Records for the exercise.
------------------------

lemma integral_PiM_prod_kernel:
  fixes M :: "'a measure" and h :: "'a \<Rightarrow> 'a \<Rightarrow> real"
  assumes M: "finite_measure M" and J: "finite J" "i \<notin> J"
    and h: "case_prod h \<in> borel_measurable (M \<Otimes>\<^sub>M M)"
    and bound: "AE s in M. integrable M (h s) \<and> (\<integral>t. \<bar>h s t\<bar> \<partial>M) \<le> C"
  shows "(\<integral>t. (\<Prod>j\<in>J. h (t i) (t j)) \<partial>PiM (insert i J) (\<lambda>_. M)) = (\<integral>s. (\<integral>t. h s t \<partial>M) ^ card J \<partial>M)"
proof -
  interpret finite_measure M by (rule M)
  interpret P: product_sigma_finite "\<lambda>_. M"
    by (simp add: product_sigma_finite_def sigma_finite_measure_axioms)
  interpret PJ: sigma_finite_measure "PiM J (\<lambda>_. M)"
    using P.sigma_finite J(1) by blast
  let ?F = "\<lambda>t. \<Prod>j\<in>J. h (t i) (t j)"
  define \<phi> where "\<phi> s = (\<integral>y. (\<Prod>j\<in>J. h s (y j)) \<partial>PiM J (\<lambda>_. M))" for s
  have "(\<lambda>(s, y). h s (y j)) \<in> borel_measurable (M \<Otimes>\<^sub>M PiM J (\<lambda>_. M))" if "j \<in> J" for j
  proof -
    have "(\<lambda>(s, y). (s, y j)) \<in> measurable (M \<Otimes>\<^sub>M PiM J (\<lambda>_. M)) (M \<Otimes>\<^sub>M M)"
      using that by measurable
    from measurable_comp[OF this h] show ?thesis by (simp add: comp_def case_prod_beta)
  qed
  then have "(\<lambda>(s, y). \<Prod>j\<in>J. h s (y j)) \<in> borel_measurable (M \<Otimes>\<^sub>M PiM J (\<lambda>_. M))"
    by (auto intro!: borel_measurable_prod simp: case_prod_beta)
  then have \<phi>_meas: "\<phi> \<in> borel_measurable M"
    unfolding \<phi>_def by (rule PJ.borel_measurable_lebesgue_integral[of "\<lambda>s y. \<Prod>j\<in>J. h s (y j)", simplified])
  have "(\<integral>t. ?F t \<partial>PiM ({i} \<union> J) (\<lambda>_. M)) = (\<integral>x. (\<integral>y. ?F (merge {i} J (x, y)) \<partial>PiM J (\<lambda>_. M)) \<partial>PiM {i} (\<lambda>_. M))"
    using J integrable_PiM_prod_kernel[OF assms] by (intro P.product_integral_fold) auto
  also have "\<dots> = (\<integral>x. \<phi> (x i) \<partial>PiM {i} (\<lambda>_. M))"
  proof -
    have "?F (merge {i} J (x, y)) = (\<Prod>j\<in>J. h (x i) (y j))" for x y
      using J(2) by (intro prod.cong) (auto simp: merge_def)
    then show ?thesis by (simp add: \<phi>_def)
  qed
  also have "\<dots> = (\<integral>s. \<phi> s \<partial>M)"
    by (rule P.product_integral_singleton[OF \<phi>_meas])
  also have "\<dots> = (\<integral>s. (\<integral>t. h s t \<partial>M) ^ card J \<partial>M)"
  proof (rule integral_cong_AE)
    show "(\<lambda>s. (\<integral>t. h s t \<partial>M) ^ card J) \<in> borel_measurable M"
      using borel_measurable_lebesgue_integral[OF h] by measurable
    show "AE s in M. \<phi> s = (\<integral>t. h s t \<partial>M) ^ card J"
      using bound
    proof eventually_elim
      case (elim s)
      then have "\<phi> s = (\<Prod>j\<in>J. \<integral>t. h s t \<partial>M)"
        unfolding \<phi>_def using J(1) by (intro P.product_integral_prod) auto
      then show ?case by simp
    qed
  qed (rule \<phi>_meas)
  finally show ?thesis by simp
qed

abbreviation unit_interval :: "real measure" where
  "unit_interval \<equiv> restrict_space lborel {0..1}"

lemma finite_measure_unit_interval: "finite_measure unit_interval"
  by (intro finite_measureI) (simp add: emeasure_restrict_space space_restrict_space)

lemma integral_unit_interval_continuous:
  fixes g :: "real \<Rightarrow> real"
  assumes "continuous_on {0..1} g"
  shows "integrable unit_interval g" "(\<integral>t. g t \<partial>unit_interval) = integral {0..1} g"
proof -
  have g: "integrable lborel (\<lambda>t. indicator {0..1} t *\<^sub>R g t)"
    using assms by (intro borel_integrable_compact) auto
  then show "integrable unit_interval g"
    by (subst integrable_restrict_space) auto
  have "(\<integral>t. g t \<partial>unit_interval) = (LINT t:{0..1}|lborel. g t)"
    by (subst integral_restrict_space) (auto simp: set_lebesgue_integral_def)
  also have "\<dots> = integral {0..1} g"
    using g by (intro set_borel_integral_eq_integral) (simp add: set_integrable_def)
  finally show "(\<integral>t. g t \<partial>unit_interval) = integral {0..1} g" .
qed

text \<open>If \<bar>1 + z\<bar> = \<bar>z\<bar> = 1 then z is a primitive cube root of unity, so this happens only at
  countably many s.\<close>
lemma AE_norm_1_plus_circ_neq_1: "AE s in unit_interval. norm (1 + circ s) \<noteq> 1"
proof -
  have "{s. norm (1 + circ s) = 1} \<subseteq> range (\<lambda>n::int. of_int n / 3)"
  proof
    fix s assume "s \<in> {s. norm (1 + circ s) = 1}"
    then have "(1 + circ s) * (1 + cnj (circ s)) = 1"
      using complex_norm_square[of "1 + circ s"] by simp
    then have "circ s ^ 3 = 1"
      using circ_mult_cnj[of s] by algebra
    then have "exp (complex_of_real (6 * pi * s) * \<i>) = 1"
      by (simp add: circ_def exp_of_nat_mult[symmetric] algebra_simps)
    then obtain n :: int where "6 * pi * s = of_int (2 * n) * pi"
      by (auto simp: exp_eq_1)
    then show "s \<in> range (\<lambda>n::int. of_int n / 3)"
      by (auto simp: field_simps intro!: image_eqI[of _ _ n])
  qed
  moreover have "{s. norm (1 + circ s) = 1} \<in> sets lborel"
    by measurable
  ultimately have "{s. norm (1 + circ s) = 1} \<in> null_sets lborel"
    by (intro null_sets_subset[OF countable_imp_null_set_lborel]) auto
  then have "AE s in lborel. norm (1 + circ s) \<noteq> 1"
    by (rule AE_not_in[THEN AE_mp]) auto
  then show ?thesis
    by (subst AE_restrict_space_iff) (auto elim: AE_mp)
qed

lemma ln_pos_eq_ln_max_1: "0 \<le> x \<Longrightarrow> ln_pos x = ln (max 1 x)"
  by (cases "x = 0"; cases "x \<le> 1") (auto simp: ln_pos_def max_def)

lemma continuous_on_ln_pos_norm_1_plus_circ_pow:
  "continuous_on A (\<lambda>s. ln_pos (norm (1 + circ s)) ^ k)"
  by (simp add: ln_pos_eq_ln_max_1) (intro continuous_intros, auto)

lemma integral_PiM_prod_ln_norm_1_plus_circ:
  assumes J: "finite J" "i \<notin> J"
  shows "(\<integral>t. (\<Prod>j\<in>J. ln (norm (1 + circ (t i) + circ (t j)))) \<partial>PiM (insert i J) (\<lambda>_. unit_interval))
     = integral {0..1} (\<lambda>s. ln_pos (norm (1 + circ s)) ^ card J)"
proof -
  define h where "h s t = ln (norm (1 + circ s + circ t))" for s t
  have "(\<lambda>x. x) \<in> measurable unit_interval borel"
    by (intro measurable_restrict_space1) simp
  then have [measurable]: "fst \<in> measurable (unit_interval \<Otimes>\<^sub>M unit_interval) borel"
    "snd \<in> measurable (unit_interval \<Otimes>\<^sub>M unit_interval) borel"
    using measurable_compose[OF measurable_fst] measurable_compose[OF measurable_snd] by blast+
  have h_meas: "case_prod h \<in> borel_measurable (unit_interval \<Otimes>\<^sub>M unit_interval)"
    unfolding h_def case_prod_beta' by measurable
  have mean: "integrable unit_interval (h s) \<and> (\<integral>t. h s t \<partial>unit_interval) = ln_pos (norm (1 + circ s)) \<and>
      (\<integral>t. \<bar>h s t\<bar> \<partial>unit_interval) \<le> 2 * ln 3" if s: "norm (1 + circ s) \<noteq> 1" for s
  proof -
    have c: "continuous_on {0..1} (h s)"
      unfolding h_def using s by (rule continuous_on_ln_norm_add_circ)
    have "integral {0..1} (h s) = ln_pos (norm (1 + circ s))"
      unfolding h_def using has_integral_ln_norm_add_circ[OF s] by (rule integral_unique)
    moreover have "integral {0..1} (\<lambda>t. \<bar>h s t\<bar>) \<le> 2 * ln 3"
      unfolding h_def using s norm_triangle_ineq[of 1 "circ s"]
      by (intro integral_abs_ln_norm_add_circ_le) auto
    ultimately show ?thesis
      using integral_unit_interval_continuous[OF c]
        integral_unit_interval_continuous[OF continuous_on_rabs[OF c]] by simp
  qed
  have "(\<integral>t. (\<Prod>j\<in>J. h (t i) (t j)) \<partial>PiM (insert i J) (\<lambda>_. unit_interval))
      = (\<integral>s. (\<integral>t. h s t \<partial>unit_interval) ^ card J \<partial>unit_interval)"
    using mean AE_norm_1_plus_circ_neq_1
    by (intro integral_PiM_prod_kernel finite_measure_unit_interval J h_meas) (auto elim!: AE_mp)
  also have "\<dots> = (\<integral>s. ln_pos (norm (1 + circ s)) ^ card J \<partial>unit_interval)"
  proof (intro integral_cong_AE)
    have "(\<lambda>s. \<integral>t. h s t \<partial>unit_interval) \<in> borel_measurable unit_interval"
      using finite_measure_unit_interval h_meas
      by (intro sigma_finite_measure.borel_measurable_lebesgue_integral) (auto simp: finite_measure_def)
    then show "(\<lambda>s. (\<integral>t. h s t \<partial>unit_interval) ^ card J) \<in> borel_measurable unit_interval"
      by measurable
  qed (use mean AE_norm_1_plus_circ_neq_1
      integral_unit_interval_continuous(1)[OF continuous_on_ln_pos_norm_1_plus_circ_pow]
      in \<open>auto elim!: AE_mp\<close>)
  also have "\<dots> = integral {0..1} (\<lambda>s. ln_pos (norm (1 + circ s)) ^ card J)"
    by (intro integral_unit_interval_continuous continuous_on_ln_pos_norm_1_plus_circ_pow)
  finally show ?thesis
    by (simp add: h_def)
qed

lemma norm_1_plus_circ: "norm (1 + circ s) = 2 * \<bar>sin ((2 * pi * s - pi) / 2)\<bar>"
proof -
  have "\<i> * of_real (2 * pi * s - pi) = 2 * of_real pi * \<i> * of_real s - \<i> * of_real pi"
    by (simp add: algebra_simps)
  then have "1 + circ s = - (exp (\<i> * of_real (2 * pi * s - pi)) - 1)"
    by (simp add: circ_def exp_diff)
  then show ?thesis
    by (simp only: norm_minus_cancel dist_exp_i_1)
qed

------------------------

Directions. Set out exactly the lines from the one bearing "t \<partial>unit_interval) ^ card J)" through the end of the data, including both ends and omitting all others.

Answer section.
    then show "(\<lambda>s. (\<integral>t. h s t \<partial>unit_interval) ^ card J) \<in> borel_measurable unit_interval"
      by measurable
  qed (use mean AE_norm_1_plus_circ_neq_1
      integral_unit_interval_continuous(1)[OF continuous_on_ln_pos_norm_1_plus_circ_pow]
      in \<open>auto elim!: AE_mp\<close>)
  also have "\<dots> = integral {0..1} (\<lambda>s. ln_pos (norm (1 + circ s)) ^ card J)"
    by (intro integral_unit_interval_continuous continuous_on_ln_pos_norm_1_plus_circ_pow)
  finally show ?thesis
    by (simp add: h_def)
qed

lemma norm_1_plus_circ: "norm (1 + circ s) = 2 * \<bar>sin ((2 * pi * s - pi) / 2)\<bar>"
proof -
  have "\<i> * of_real (2 * pi * s - pi) = 2 * of_real pi * \<i> * of_real s - \<i> * of_real pi"
    by (simp add: algebra_simps)
  then have "1 + circ s = - (exp (\<i> * of_real (2 * pi * s - pi)) - 1)"
    by (simp add: circ_def exp_diff)
  then show ?thesis
    by (simp only: norm_minus_cancel dist_exp_i_1)
qed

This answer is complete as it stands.